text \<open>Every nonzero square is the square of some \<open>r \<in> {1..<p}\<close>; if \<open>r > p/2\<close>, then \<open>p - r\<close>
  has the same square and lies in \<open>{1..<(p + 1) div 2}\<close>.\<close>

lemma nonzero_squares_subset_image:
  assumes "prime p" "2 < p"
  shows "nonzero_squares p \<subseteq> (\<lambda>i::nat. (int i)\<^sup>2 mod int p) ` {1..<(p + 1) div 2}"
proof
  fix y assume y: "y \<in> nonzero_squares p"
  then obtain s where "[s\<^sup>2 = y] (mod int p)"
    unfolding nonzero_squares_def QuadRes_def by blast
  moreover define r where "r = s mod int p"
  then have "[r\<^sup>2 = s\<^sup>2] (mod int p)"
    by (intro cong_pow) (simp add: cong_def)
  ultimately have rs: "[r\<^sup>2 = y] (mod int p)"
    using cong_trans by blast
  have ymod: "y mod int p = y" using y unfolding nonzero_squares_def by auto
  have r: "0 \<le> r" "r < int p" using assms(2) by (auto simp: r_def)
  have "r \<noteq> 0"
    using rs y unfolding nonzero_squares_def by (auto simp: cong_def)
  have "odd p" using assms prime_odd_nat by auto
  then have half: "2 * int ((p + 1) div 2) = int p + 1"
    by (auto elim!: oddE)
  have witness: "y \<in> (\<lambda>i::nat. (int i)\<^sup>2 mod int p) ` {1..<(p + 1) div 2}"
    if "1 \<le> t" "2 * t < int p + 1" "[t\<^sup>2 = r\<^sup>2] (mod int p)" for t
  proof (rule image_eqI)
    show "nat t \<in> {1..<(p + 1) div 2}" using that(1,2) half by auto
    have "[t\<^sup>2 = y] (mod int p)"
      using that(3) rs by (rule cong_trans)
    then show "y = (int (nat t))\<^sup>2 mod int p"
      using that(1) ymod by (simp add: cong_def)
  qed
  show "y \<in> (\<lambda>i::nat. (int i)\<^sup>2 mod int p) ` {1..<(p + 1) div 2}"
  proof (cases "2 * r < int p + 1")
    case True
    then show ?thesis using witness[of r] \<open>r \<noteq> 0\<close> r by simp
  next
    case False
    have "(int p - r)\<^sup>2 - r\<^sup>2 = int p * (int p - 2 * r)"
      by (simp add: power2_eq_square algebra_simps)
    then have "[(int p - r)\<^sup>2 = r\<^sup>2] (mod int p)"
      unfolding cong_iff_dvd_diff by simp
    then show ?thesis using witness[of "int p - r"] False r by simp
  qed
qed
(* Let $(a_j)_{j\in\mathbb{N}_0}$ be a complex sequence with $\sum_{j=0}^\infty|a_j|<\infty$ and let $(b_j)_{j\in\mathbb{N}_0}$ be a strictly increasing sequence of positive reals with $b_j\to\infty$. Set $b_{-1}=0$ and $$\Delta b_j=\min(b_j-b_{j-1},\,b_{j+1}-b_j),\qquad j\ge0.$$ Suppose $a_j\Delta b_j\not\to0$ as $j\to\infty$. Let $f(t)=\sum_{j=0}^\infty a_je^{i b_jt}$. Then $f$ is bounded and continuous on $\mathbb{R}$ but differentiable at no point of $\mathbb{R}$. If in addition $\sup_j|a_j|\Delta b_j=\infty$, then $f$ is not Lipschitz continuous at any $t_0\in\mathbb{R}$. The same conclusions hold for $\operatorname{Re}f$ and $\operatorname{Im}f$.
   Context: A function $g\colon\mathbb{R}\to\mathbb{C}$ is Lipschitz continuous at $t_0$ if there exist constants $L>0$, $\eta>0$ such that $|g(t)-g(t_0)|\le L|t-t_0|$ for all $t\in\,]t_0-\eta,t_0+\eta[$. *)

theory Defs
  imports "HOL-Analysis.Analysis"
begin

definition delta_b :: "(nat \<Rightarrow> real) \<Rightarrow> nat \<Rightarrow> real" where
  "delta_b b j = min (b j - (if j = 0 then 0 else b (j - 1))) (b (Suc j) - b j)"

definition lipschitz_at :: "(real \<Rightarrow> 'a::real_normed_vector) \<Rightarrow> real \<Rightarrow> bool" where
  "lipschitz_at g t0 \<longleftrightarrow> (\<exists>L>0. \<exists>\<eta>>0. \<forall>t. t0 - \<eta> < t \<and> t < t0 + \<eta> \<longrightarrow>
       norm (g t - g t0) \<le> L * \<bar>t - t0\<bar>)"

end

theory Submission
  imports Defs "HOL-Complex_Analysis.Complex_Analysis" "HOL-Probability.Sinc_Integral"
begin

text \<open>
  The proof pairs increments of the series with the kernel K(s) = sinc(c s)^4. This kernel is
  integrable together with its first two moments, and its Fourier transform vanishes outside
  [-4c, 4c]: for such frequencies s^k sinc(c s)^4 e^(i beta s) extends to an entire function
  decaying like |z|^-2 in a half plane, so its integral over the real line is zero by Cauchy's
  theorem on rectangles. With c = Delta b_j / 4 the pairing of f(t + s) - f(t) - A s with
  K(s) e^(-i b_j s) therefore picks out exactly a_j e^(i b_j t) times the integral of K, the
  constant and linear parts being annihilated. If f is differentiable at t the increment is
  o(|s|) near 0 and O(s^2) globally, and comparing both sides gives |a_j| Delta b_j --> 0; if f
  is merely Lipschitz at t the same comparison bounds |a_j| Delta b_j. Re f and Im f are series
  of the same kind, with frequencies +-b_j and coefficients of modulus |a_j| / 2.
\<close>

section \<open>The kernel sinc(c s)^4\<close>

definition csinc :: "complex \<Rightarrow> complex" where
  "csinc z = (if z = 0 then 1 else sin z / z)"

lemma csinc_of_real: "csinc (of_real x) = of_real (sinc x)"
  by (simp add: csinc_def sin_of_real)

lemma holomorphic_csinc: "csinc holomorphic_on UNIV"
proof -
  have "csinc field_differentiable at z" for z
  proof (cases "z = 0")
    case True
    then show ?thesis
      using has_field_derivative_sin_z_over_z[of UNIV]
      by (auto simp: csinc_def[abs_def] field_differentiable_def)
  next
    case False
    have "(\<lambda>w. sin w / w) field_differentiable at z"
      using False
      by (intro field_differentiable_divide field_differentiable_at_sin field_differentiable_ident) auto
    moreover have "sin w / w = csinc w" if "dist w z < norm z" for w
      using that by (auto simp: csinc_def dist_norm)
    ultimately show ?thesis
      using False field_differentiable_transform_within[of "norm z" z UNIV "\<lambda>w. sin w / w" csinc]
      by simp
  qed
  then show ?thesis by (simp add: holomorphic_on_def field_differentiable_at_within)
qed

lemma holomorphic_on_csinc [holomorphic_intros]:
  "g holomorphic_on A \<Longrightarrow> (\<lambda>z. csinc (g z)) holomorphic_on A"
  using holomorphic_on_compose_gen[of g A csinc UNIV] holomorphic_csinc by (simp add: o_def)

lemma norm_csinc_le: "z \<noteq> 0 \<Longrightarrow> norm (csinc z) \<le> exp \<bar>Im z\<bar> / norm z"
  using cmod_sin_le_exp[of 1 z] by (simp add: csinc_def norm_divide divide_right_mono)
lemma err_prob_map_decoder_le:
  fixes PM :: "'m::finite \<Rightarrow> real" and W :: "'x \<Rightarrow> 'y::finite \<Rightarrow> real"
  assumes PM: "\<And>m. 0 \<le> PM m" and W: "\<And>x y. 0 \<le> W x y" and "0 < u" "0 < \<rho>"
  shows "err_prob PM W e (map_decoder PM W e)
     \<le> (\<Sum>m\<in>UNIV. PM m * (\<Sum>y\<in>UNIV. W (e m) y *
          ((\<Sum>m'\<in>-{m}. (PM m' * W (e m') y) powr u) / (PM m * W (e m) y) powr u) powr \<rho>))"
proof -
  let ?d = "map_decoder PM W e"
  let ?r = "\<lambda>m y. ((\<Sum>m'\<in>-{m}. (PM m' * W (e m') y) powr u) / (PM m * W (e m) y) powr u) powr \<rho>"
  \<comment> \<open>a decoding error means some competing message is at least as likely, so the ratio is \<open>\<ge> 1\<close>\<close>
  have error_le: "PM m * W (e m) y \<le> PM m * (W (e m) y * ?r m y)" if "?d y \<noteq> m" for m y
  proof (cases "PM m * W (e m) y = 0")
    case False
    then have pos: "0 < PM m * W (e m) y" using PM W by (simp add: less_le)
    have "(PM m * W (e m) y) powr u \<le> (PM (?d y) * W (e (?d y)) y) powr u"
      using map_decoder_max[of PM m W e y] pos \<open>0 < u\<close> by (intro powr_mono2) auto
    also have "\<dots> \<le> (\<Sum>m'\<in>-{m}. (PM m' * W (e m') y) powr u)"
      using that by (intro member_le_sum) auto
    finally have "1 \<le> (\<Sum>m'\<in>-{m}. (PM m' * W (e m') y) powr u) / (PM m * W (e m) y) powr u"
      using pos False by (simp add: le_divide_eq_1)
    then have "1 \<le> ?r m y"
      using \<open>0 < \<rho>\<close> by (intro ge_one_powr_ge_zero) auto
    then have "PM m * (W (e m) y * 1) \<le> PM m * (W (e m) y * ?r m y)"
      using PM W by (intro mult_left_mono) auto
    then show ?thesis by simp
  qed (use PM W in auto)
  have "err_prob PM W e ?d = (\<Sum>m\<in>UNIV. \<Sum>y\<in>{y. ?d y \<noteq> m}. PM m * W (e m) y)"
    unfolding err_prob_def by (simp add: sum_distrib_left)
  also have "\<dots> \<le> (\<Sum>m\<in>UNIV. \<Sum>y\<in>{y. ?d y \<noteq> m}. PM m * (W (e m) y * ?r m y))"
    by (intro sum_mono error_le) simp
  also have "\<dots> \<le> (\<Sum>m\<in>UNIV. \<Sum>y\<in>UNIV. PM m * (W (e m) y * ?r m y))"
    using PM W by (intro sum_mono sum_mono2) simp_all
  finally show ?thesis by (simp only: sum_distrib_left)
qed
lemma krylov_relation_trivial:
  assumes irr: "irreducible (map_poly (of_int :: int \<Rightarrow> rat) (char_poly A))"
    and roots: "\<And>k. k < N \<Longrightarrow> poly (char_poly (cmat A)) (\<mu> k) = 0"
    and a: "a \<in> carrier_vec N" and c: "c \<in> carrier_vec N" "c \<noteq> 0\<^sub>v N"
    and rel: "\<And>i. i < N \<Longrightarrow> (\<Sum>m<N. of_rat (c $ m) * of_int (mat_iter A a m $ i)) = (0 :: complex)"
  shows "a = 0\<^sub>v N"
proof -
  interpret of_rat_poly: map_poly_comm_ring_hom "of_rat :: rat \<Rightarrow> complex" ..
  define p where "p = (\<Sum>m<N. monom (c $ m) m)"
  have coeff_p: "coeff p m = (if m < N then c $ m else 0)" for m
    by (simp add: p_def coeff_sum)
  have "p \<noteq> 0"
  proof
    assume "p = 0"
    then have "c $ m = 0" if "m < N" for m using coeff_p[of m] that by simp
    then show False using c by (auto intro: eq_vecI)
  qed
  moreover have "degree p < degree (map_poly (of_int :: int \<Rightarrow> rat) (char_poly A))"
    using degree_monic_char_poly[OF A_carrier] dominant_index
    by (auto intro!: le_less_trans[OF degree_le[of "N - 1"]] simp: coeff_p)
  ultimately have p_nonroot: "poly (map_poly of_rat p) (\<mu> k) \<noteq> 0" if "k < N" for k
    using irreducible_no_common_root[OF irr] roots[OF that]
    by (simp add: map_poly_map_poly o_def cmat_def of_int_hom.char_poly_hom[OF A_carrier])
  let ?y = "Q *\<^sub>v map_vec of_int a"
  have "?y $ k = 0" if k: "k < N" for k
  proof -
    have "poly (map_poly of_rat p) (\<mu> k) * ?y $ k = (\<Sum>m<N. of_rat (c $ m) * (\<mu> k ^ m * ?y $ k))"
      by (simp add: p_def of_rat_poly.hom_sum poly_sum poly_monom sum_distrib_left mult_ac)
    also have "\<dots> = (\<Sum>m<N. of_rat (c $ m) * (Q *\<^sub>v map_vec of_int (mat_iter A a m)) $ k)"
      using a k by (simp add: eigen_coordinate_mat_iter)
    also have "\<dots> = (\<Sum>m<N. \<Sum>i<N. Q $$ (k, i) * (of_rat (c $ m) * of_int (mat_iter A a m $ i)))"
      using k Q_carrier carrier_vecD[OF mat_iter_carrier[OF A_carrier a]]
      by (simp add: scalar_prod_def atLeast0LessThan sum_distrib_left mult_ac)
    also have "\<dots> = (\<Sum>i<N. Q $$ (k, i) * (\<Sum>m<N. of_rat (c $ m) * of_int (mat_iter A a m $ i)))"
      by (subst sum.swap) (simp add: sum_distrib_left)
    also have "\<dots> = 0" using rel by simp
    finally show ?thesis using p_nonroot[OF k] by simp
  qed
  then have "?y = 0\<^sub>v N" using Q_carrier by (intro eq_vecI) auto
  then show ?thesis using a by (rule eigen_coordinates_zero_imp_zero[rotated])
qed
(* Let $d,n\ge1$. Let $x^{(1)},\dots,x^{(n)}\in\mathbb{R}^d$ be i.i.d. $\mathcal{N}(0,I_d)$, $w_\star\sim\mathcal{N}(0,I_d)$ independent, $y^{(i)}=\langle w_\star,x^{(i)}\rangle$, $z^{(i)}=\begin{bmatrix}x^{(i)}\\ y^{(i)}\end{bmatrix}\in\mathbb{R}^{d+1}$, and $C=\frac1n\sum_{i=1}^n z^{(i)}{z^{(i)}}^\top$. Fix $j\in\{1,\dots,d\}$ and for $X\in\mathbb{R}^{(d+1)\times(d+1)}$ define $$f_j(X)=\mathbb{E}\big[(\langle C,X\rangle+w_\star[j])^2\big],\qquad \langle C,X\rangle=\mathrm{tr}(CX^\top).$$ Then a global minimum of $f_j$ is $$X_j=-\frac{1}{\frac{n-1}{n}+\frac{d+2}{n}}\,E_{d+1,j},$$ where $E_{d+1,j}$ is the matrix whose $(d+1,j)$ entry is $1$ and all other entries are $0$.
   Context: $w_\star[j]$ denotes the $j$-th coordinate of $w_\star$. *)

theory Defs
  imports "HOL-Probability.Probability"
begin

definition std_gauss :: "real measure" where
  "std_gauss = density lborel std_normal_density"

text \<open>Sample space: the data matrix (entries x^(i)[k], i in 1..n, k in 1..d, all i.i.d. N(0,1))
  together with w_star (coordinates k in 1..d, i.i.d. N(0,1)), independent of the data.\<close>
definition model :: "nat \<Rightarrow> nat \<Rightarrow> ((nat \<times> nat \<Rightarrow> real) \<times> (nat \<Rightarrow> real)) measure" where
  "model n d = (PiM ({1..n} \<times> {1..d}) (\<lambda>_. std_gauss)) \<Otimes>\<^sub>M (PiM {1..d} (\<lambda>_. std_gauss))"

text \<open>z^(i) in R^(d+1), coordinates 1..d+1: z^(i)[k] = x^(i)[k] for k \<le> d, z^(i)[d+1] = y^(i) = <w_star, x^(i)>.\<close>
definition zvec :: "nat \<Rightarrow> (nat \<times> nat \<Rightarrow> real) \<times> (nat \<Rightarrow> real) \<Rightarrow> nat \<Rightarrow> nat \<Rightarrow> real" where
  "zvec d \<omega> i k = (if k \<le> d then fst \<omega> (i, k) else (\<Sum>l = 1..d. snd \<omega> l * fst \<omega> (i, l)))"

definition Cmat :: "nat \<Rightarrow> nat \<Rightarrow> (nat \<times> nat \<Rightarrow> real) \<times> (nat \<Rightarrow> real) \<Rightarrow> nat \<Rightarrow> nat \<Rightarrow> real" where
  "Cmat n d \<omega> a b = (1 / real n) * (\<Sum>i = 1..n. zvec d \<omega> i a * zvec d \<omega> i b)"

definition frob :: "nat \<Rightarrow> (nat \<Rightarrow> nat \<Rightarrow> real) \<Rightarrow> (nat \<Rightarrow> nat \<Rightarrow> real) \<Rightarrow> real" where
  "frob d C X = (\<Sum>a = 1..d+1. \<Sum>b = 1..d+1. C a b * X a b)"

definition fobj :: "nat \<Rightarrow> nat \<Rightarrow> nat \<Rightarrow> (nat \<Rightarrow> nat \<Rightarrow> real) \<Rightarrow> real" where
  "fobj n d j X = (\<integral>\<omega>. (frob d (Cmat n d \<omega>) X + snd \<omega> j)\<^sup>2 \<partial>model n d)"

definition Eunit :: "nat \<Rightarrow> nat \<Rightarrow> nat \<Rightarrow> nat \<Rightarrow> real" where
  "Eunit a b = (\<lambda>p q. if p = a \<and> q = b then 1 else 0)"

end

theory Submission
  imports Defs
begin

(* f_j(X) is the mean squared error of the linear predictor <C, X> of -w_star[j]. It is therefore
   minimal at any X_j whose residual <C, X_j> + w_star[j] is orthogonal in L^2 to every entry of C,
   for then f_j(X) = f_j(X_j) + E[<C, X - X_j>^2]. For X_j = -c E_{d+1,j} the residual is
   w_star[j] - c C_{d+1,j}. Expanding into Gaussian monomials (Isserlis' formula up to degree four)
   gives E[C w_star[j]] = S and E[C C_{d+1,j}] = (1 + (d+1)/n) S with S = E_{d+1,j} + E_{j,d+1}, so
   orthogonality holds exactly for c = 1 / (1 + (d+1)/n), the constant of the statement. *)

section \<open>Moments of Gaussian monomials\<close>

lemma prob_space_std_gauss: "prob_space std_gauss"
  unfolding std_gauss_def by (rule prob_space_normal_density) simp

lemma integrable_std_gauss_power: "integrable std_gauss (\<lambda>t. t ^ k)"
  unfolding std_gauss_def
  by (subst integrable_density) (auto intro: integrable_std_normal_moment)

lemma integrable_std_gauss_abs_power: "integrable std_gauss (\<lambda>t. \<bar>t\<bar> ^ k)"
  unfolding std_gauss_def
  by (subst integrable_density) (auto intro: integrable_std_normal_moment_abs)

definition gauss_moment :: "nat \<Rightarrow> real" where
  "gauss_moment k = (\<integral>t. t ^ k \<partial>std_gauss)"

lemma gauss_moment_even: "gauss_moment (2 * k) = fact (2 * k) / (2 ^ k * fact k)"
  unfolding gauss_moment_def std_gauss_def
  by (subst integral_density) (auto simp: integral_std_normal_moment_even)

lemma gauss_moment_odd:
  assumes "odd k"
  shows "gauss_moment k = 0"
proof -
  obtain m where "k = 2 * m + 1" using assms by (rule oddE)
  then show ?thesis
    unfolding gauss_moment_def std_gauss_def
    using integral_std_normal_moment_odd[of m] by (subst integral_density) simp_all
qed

:::::

§ Work to be completed
In the records above, how many lines include "data"? Answer with the number alone.

§ Your solution
2